**WHAT IS NEEDED:** Find the line containing "j + 1) * (2 * pi" in the records below. Copy exactly that line and each one after it, ending at the line containing "add: dist_norm norm_minus_commute)", and nothing more.

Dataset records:
══════

lemma expansion_coeff_norm_le:
  assumes B: "\<And>w. w \<in> sphere z r \<Longrightarrow> norm (f w) \<le> B" and "0 \<le> B"
  shows "norm (expansion_coeff i j) \<le> B * (2 * pi * r) / m * (real ((i + j) choose i) * (1 / m) ^ i * (M / m) ^ j)"
proof -
  have "norm (contour_integral (circlepath z r) (\<lambda>w. f w * (- Q w) ^ j / A w ^ (i + j + 1)))
      \<le> B * M ^ j / m ^ (i + j + 1) * (2 * pi * r)"
  proof (rule has_contour_integral_bound_circlepath[OF has_contour_integral_integral])
    show "(\<lambda>w. f w * (- Q w) ^ j / A w ^ (i + j + 1)) contour_integrable_on circlepath z r"
      by (intro contour_integrable_quotient_power continuous_intros continuous_Q)
    fix w assume "norm (w - z) = r"
    then have w: "w \<in> sphere z r" by (simp add: dist_norm norm_minus_commute)
    show "norm (f w * (- Q w) ^ j / A w ^ (i + j + 1)) \<le> B * M ^ j / m ^ (i + j + 1)"
      unfolding norm_mult norm_divide norm_power norm_minus_cancel
      using B[OF w] Q_upper[OF w] A_lower[OF w] m_pos M_nonneg \<open>0 \<le> B\<close>
      by (intro frac_le mult_mono power_mono) auto
  qed (use r_pos m_pos M_nonneg \<open>0 \<le> B\<close> in auto)
  then show ?thesis
    using m_pos
    by (simp add: expansion_coeff_def norm_mult power_divide power_add field_simps)
qed

lemma expansion_summable:
  assumes hk: "norm h + M * norm k < m"
  shows "(\<lambda>(i, j). expansion_coeff i j * h ^ i * k ^ j) summable_on UNIV"
proof (rule abs_summable_summable)
  obtain B where B: "B > 0" "\<And>w. w \<in> sphere z r \<Longrightarrow> norm (f w) \<le> B"
    using f_bounded by blast
  let ?a = "norm h / m" and ?b = "M * norm k / m"
  have "(\<lambda>(i, j). real ((i + j) choose i) * ?a ^ i * ?b ^ j) summable_on UNIV"
    using m_pos M_nonneg hk by (intro binomial_double_summable) (auto simp: add_divide_distrib[symmetric])
  then have "(\<lambda>p. B * (2 * pi * r) / m * (case p of (i, j) \<Rightarrow> real ((i + j) choose i) * ?a ^ i * ?b ^ j))
      summable_on UNIV"
    by (rule summable_on_cmult_right)
  then show "(\<lambda>p. norm (case p of (i, j) \<Rightarrow> expansion_coeff i j * h ^ i * k ^ j)) summable_on UNIV"
  proof (rule summable_on_comparison_test)
    fix p :: "nat \<times> nat"
    obtain i j where p: "p = (i, j)" by fastforce
    have "norm (expansion_coeff i j * h ^ i * k ^ j)
        \<le> B * (2 * pi * r) / m * (real ((i + j) choose i) * (1 / m) ^ i * (M / m) ^ j) * norm h ^ i * norm k ^ j"
      unfolding norm_mult norm_power
      using expansion_coeff_norm_le[OF B(2)] B(1) by (intro mult_right_mono) auto
    also have "\<dots> = B * (2 * pi * r) / m * (real ((i + j) choose i) * ?a ^ i * ?b ^ j)"
      by (simp add: power_divide power_mult_distrib)
    finally show "norm (case p of (i, j) \<Rightarrow> expansion_coeff i j * h ^ i * k ^ j)
        \<le> B * (2 * pi * r) / m * (case p of (i, j) \<Rightarrow> real ((i + j) choose i) * ?a ^ i * ?b ^ j)"
      by (simp add: p)
  qed simp
qed

theorem has_sum_expansion:
  assumes hk: "norm h + M * norm k < m"
  shows "((\<lambda>(i, j). expansion_coeff i j * h ^ i * k ^ j)
           has_sum contour_integral (circlepath z r) (\<lambda>w. f w / (A w + k * Q w - h))) UNIV"
proof -
  let ?g = "\<lambda>(i, j). expansion_coeff i j * h ^ i * k ^ j"
  have "(\<lambda>N. \<Sum>i\<le>N. ?g (i, N - i)) sums infsum ?g UNIV"
    by (rule has_sum_imp_sums_antidiagonal[OF has_sum_infsum[OF expansion_summable[OF hk]]])
  moreover have "(\<lambda>N. \<Sum>i\<le>N. ?g (i, N - i))
      = (\<lambda>N. contour_integral (circlepath z r) (\<lambda>w. f w * (h - k * Q w) ^ N / A w ^ (N + 1)))"
    by (simp only: binomial_expansion prod.case)
  moreover note geometric_expansion_sums[OF hk]
  ultimately show ?thesis
    using has_sum_infsum[OF expansion_summable[OF hk]] sums_unique2 by (metis (no_types, lifting))
qed

end

section \<open>A holomorphic implicit function theorem\<close>

lemma compact_norm_lower_bound:
  fixes f :: "'a::topological_space \<Rightarrow> 'b::real_normed_vector"
  assumes "compact S" "continuous_on S f" "\<And>x. x \<in> S \<Longrightarrow> f x \<noteq> 0"
  obtains m where "m > 0" "\<And>x. x \<in> S \<Longrightarrow> m \<le> norm (f x)"
proof (cases "S = {}")
  case False
  have "continuous_on S (\<lambda>x. norm (f x))"
    using assms(2) by (rule continuous_on_norm)
  then obtain x0 where "x0 \<in> S" "\<And>x. x \<in> S \<Longrightarrow> norm (f x0) \<le> norm (f x)"
    using continuous_attains_inf[OF assms(1) False] by blast
  then show ?thesis using that[of "norm (f x0)"] assms(3) by auto
qed (use that[of 1] in auto)

lemma inj_on_if_derivative_close:
  fixes F F' :: "complex \<Rightarrow> complex"
  assumes "convex S" and F: "\<And>w. w \<in> S \<Longrightarrow> (F has_field_derivative F' w) (at w)"
    and close: "\<And>w. w \<in> S \<Longrightarrow> norm (F' w - D) \<le> norm D / 2" and "D \<noteq> 0"
  shows "inj_on F S"
proof (rule inj_onI)
  fix x y assume x: "x \<in> S" and y: "y \<in> S" and "F x = F y"
  have "norm ((F x - D * x) - (F y - D * y)) \<le> norm D / 2 * norm (x - y)"
  proof (rule field_differentiable_bound[OF \<open>convex S\<close> _ close x y])
    fix w assume "w \<in> S"
    then have "(F has_field_derivative F' w) (at w within S)"
      using F has_field_derivative_at_within by blast
    then show "((\<lambda>w. F w - D * w) has_field_derivative F' w - D) (at w within S)"
      by (auto intro!: derivative_eq_intros)
  qed
  also have "(F x - D * x) - (F y - D * y) = D * (y - x)"
    using \<open>F x = F y\<close> by (simp add: algebra_simps)
  finally have "norm D * norm (x - y) \<le> norm D / 2 * norm (x - y)"
    by (simp add: norm_mult norm_minus_commute)
  then show "x = y" using \<open>D \<noteq> 0\<close> by simp
qed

══════

**SOLVED EXERCISE:**
      \<le> B * M ^ j / m ^ (i + j + 1) * (2 * pi * r)"
  proof (rule has_contour_integral_bound_circlepath[OF has_contour_integral_integral])
    show "(\<lambda>w. f w * (- Q w) ^ j / A w ^ (i + j + 1)) contour_integrable_on circlepath z r"
      by (intro contour_integrable_quotient_power continuous_intros continuous_Q)
    fix w assume "norm (w - z) = r"
    then have w: "w \<in> sphere z r" by (simp add: dist_norm norm_minus_commute)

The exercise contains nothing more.